» **SUPPLIED RECORDS**:
*** Begin section ***

(* The Bell polynomials $B_n(q)=\sum_{k=0}^nS(n,k)q^k$, $n\ge 0$, form a $q$-log-convex sequence.
   Context: $S(n,k)$ is the Stirling number of the second kind (number of partitions of $\{1,\dots,n\}$ into $k$ blocks), $S(0,0)=1$. For real polynomials $f,g$ write $f\le_q g$ if $g-f$ has nonnegative coefficients; a sequence $\{P_n(q)\}_{n\ge0}$ is $q$-log-convex if $P_n(q)^2\le_q P_{n-1}(q)P_{n+1}(q)$ for all $n\ge 1$. *)

theory Defs
  imports "HOL-Combinatorics.Stirling" "HOL-Computational_Algebra.Polynomial"
begin

definition bell_poly :: "nat \<Rightarrow> real poly" where
  "bell_poly n = (\<Sum>k\<le>n. monom (real (Stirling n k)) k)"

definition q_le :: "real poly \<Rightarrow> real poly \<Rightarrow> bool" where
  "q_le f g \<longleftrightarrow> (\<forall>i. coeff (g - f) i \<ge> 0)"

definition q_log_convex :: "(nat \<Rightarrow> real poly) \<Rightarrow> bool" where
  "q_log_convex P \<longleftrightarrow> (\<forall>n\<ge>1. q_le ((P n)^2) (P (n - 1) * P (n + 1)))"

end

theory Submission
  imports Defs
begin

text \<open>
Since S(n+1,k) = S(n,k-1) + k S(n,k), the Bell polynomials satisfy
B_{n+1} = D B_n for the linear operator D f = q (f + f').
It therefore suffices to show that f D^2 f - (D f)^2 has nonnegative coefficients
whenever f has. Expanding f = sum a_k q^k bilinearly and symmetrising in the two
summation indices reduces this to the monomial identity
q^i D^2 q^j + q^j D^2 q^i - 2 D q^i D q^j = 2 q^(i+j+1) + (i-j)^2 q^(i+j).
\<close>

definition bell_op :: "'a::{comm_semiring_1,semiring_no_zero_divisors} poly \<Rightarrow> 'a poly" where
  "bell_op f = pCons 0 (f + pderiv f)"

lemma bell_op_add: "bell_op (f + g) = bell_op f + bell_op g"
  by (simp add: bell_op_def pderiv_add algebra_simps)

lemma bell_op_smult: "bell_op (smult c f) = smult c (bell_op f)"
  by (simp add: bell_op_def pderiv_smult smult_add_right)

lemma bell_op_sum: "bell_op (\<Sum>k\<in>A. f k) = (\<Sum>k\<in>A. bell_op (f k))"
  by (induction A rule: infinite_finite_induct) (simp_all add: bell_op_add bell_op_def[of 0])

lemma bell_op_monom: "bell_op (monom c k) = monom c (Suc k) + monom (of_nat k * c) k"
  by (rule poly_eqI) (auto simp: bell_op_def coeff_pCons coeff_pderiv coeff_monom split: nat.splits)

lemma bell_op_bell_op_monom:
  "bell_op (bell_op (monom c k)) =
     monom c (Suc (Suc k)) + monom (of_nat (2 * k + 1) * c) (Suc k) + monom (of_nat (k ^ 2) * c) k"
proof -
  have "Suc k + k = 2 * k + 1"
    by simp
  then have middle: "monom (of_nat (Suc k) * c) (Suc k) + monom (of_nat k * c) (Suc k) =
      monom (of_nat (2 * k + 1) * c) (Suc k)"
    by (simp only: add_monom of_nat_add [symmetric] distrib_right [symmetric])
  have low: "of_nat k * (of_nat k * c) = of_nat (k ^ 2) * c"
    by (simp only: of_nat_power power2_eq_square mult.assoc of_nat_mult)
  have "bell_op (bell_op (monom c k)) =
      monom c (Suc (Suc k)) + (monom (of_nat (Suc k) * c) (Suc k) + monom (of_nat k * c) (Suc k))
      + monom (of_nat k * (of_nat k * c)) k"
    by (simp add: bell_op_monom bell_op_add add_ac)
  then show ?thesis
    by (simp only: middle low)
qed

lemma bell_op_monom_symmetrized:
  fixes i j :: nat
  shows "monom 1 i * bell_op (bell_op (monom 1 j)) + monom 1 j * bell_op (bell_op (monom 1 i))
           - smult 2 (bell_op (monom 1 i) * bell_op (monom 1 j))
         = smult 2 (monom 1 (Suc (i + j))) + monom ((real i - real j)^2) (i + j)"
proof (rule poly_eqI)
  fix n
  show "coeff (monom 1 i * bell_op (bell_op (monom 1 j)) + monom 1 j * bell_op (bell_op (monom 1 i))
          - smult 2 (bell_op (monom 1 i) * bell_op (monom 1 j))) n
        = coeff (smult 2 (monom 1 (Suc (i + j))) + monom ((real i - real j)^2) (i + j)) n"
    unfolding bell_op_bell_op_monom unfolding bell_op_monom distrib_left distrib_right mult_monom
      smult_add_right smult_monom coeff_add coeff_diff coeff_smult coeff_monom
    by (cases "n = i + j"; cases "n = Suc (i + j)"; cases "n = Suc (Suc (i + j))")
       (simp_all add: power2_eq_square algebra_simps)
qed

lemma sum_sum_symmetrize:
  fixes c :: "'b \<Rightarrow> 'b \<Rightarrow> real"
  shows "(\<Sum>i\<in>A. \<Sum>j\<in>A. c i j) = (\<Sum>i\<in>A. \<Sum>j\<in>A. (c i j + c j i) / 2)"
  using sum.swap[of c A A] by (simp add: sum.distrib sum_divide_distrib[symmetric])

lemma bell_op_log_convex:
  fixes f :: "real poly"
  assumes nonneg: "\<And>k. coeff f k \<ge> 0"
  shows "q_le ((bell_op f)^2) (f * bell_op (bell_op f))"
  unfolding q_le_def
proof
  fix m
  define a where "a = coeff f"
  define e where "e k = (monom 1 k :: real poly)" for k
  define T where "T i j = e i * bell_op (bell_op (e j)) - bell_op (e i) * bell_op (e j)" for i j
  define c where "c i j = a i * a j * coeff (T i j) m" for i j
  let ?I = "{..degree f}"
  have f: "f = (\<Sum>k\<in>?I. smult (a k) (e k))"
    by (simp add: a_def e_def smult_monom poly_as_sum_of_monoms)
  have "f * bell_op (bell_op f) = (\<Sum>i\<in>?I. \<Sum>j\<in>?I. smult (a i) (e i) * smult (a j) (bell_op (bell_op (e j))))"
    by (subst (1 2) f) (simp add: bell_op_sum bell_op_smult sum_product)
  moreover have "(bell_op f)^2 = (\<Sum>i\<in>?I. \<Sum>j\<in>?I. smult (a i) (bell_op (e i)) * smult (a j) (bell_op (e j)))"
    by (subst f) (simp add: bell_op_sum bell_op_smult power2_eq_square sum_product)
  ultimately have "coeff (f * bell_op (bell_op f) - (bell_op f)^2) m = (\<Sum>i\<in>?I. \<Sum>j\<in>?I. c i j)"
    by (simp add: c_def T_def coeff_sum sum_subtractf[symmetric] algebra_simps)
  also have "\<dots> = (\<Sum>i\<in>?I. \<Sum>j\<in>?I. (c i j + c j i) / 2)"
    by (rule sum_sum_symmetrize)
  also have "\<dots> \<ge> 0"
  proof (intro sum_nonneg)
    fix i j
    have "c i j + c j i = a i * a j *
        coeff (smult 2 (monom 1 (Suc (i + j))) + monom ((real i - real j)^2) (i + j)) m"
      unfolding bell_op_monom_symmetrized[symmetric]
      by (simp add: c_def T_def e_def algebra_simps)
    also have "\<dots> \<ge> 0"
      using nonneg by (simp add: a_def coeff_monom)
    finally show "(c i j + c j i) / 2 \<ge> 0" by simp
  qed
  finally show "coeff (f * bell_op (bell_op f) - (bell_op f)^2) m \<ge> 0" .
qed

lemma coeff_bell_poly: "coeff (bell_poly n) k = real (Stirling n k)"
  by (cases "k \<le> n") (auto simp: bell_poly_def coeff_sum coeff_monom)

lemma bell_poly_Suc: "bell_poly (Suc n) = bell_op (bell_poly n)"
proof (rule poly_eqI)
  fix k
  show "coeff (bell_poly (Suc n)) k = coeff (bell_op (bell_poly n)) k"
    by (cases k) (simp_all add: bell_op_def coeff_bell_poly coeff_pCons coeff_pderiv algebra_simps)
qed

theorem proposition4p4:
  shows "q_log_convex bell_poly"
  unfolding q_log_convex_def
proof (intro allI impI)
  fix n :: nat
  assume "n \<ge> 1"
  then obtain p where n: "n = Suc p"
    by (cases n) auto
  have "q_le ((bell_op (bell_poly p))^2) (bell_poly p * bell_op (bell_op (bell_poly p)))"
    by (rule bell_op_log_convex) (simp add: coeff_bell_poly)
  then show "q_le ((bell_poly n)^2) (bell_poly (n - 1) * bell_poly (n + 1))"
    by (simp add: n bell_poly_Suc)
qed

end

*** End section ***

» **TASK OBJECTIVE**:
Would you please filter the lines above and copy every one that includes "imports"?

» **SOLUTION**:
  imports "HOL-Combinatorics.Stirling" "HOL-Computational_Algebra.Polynomial"
  imports Defs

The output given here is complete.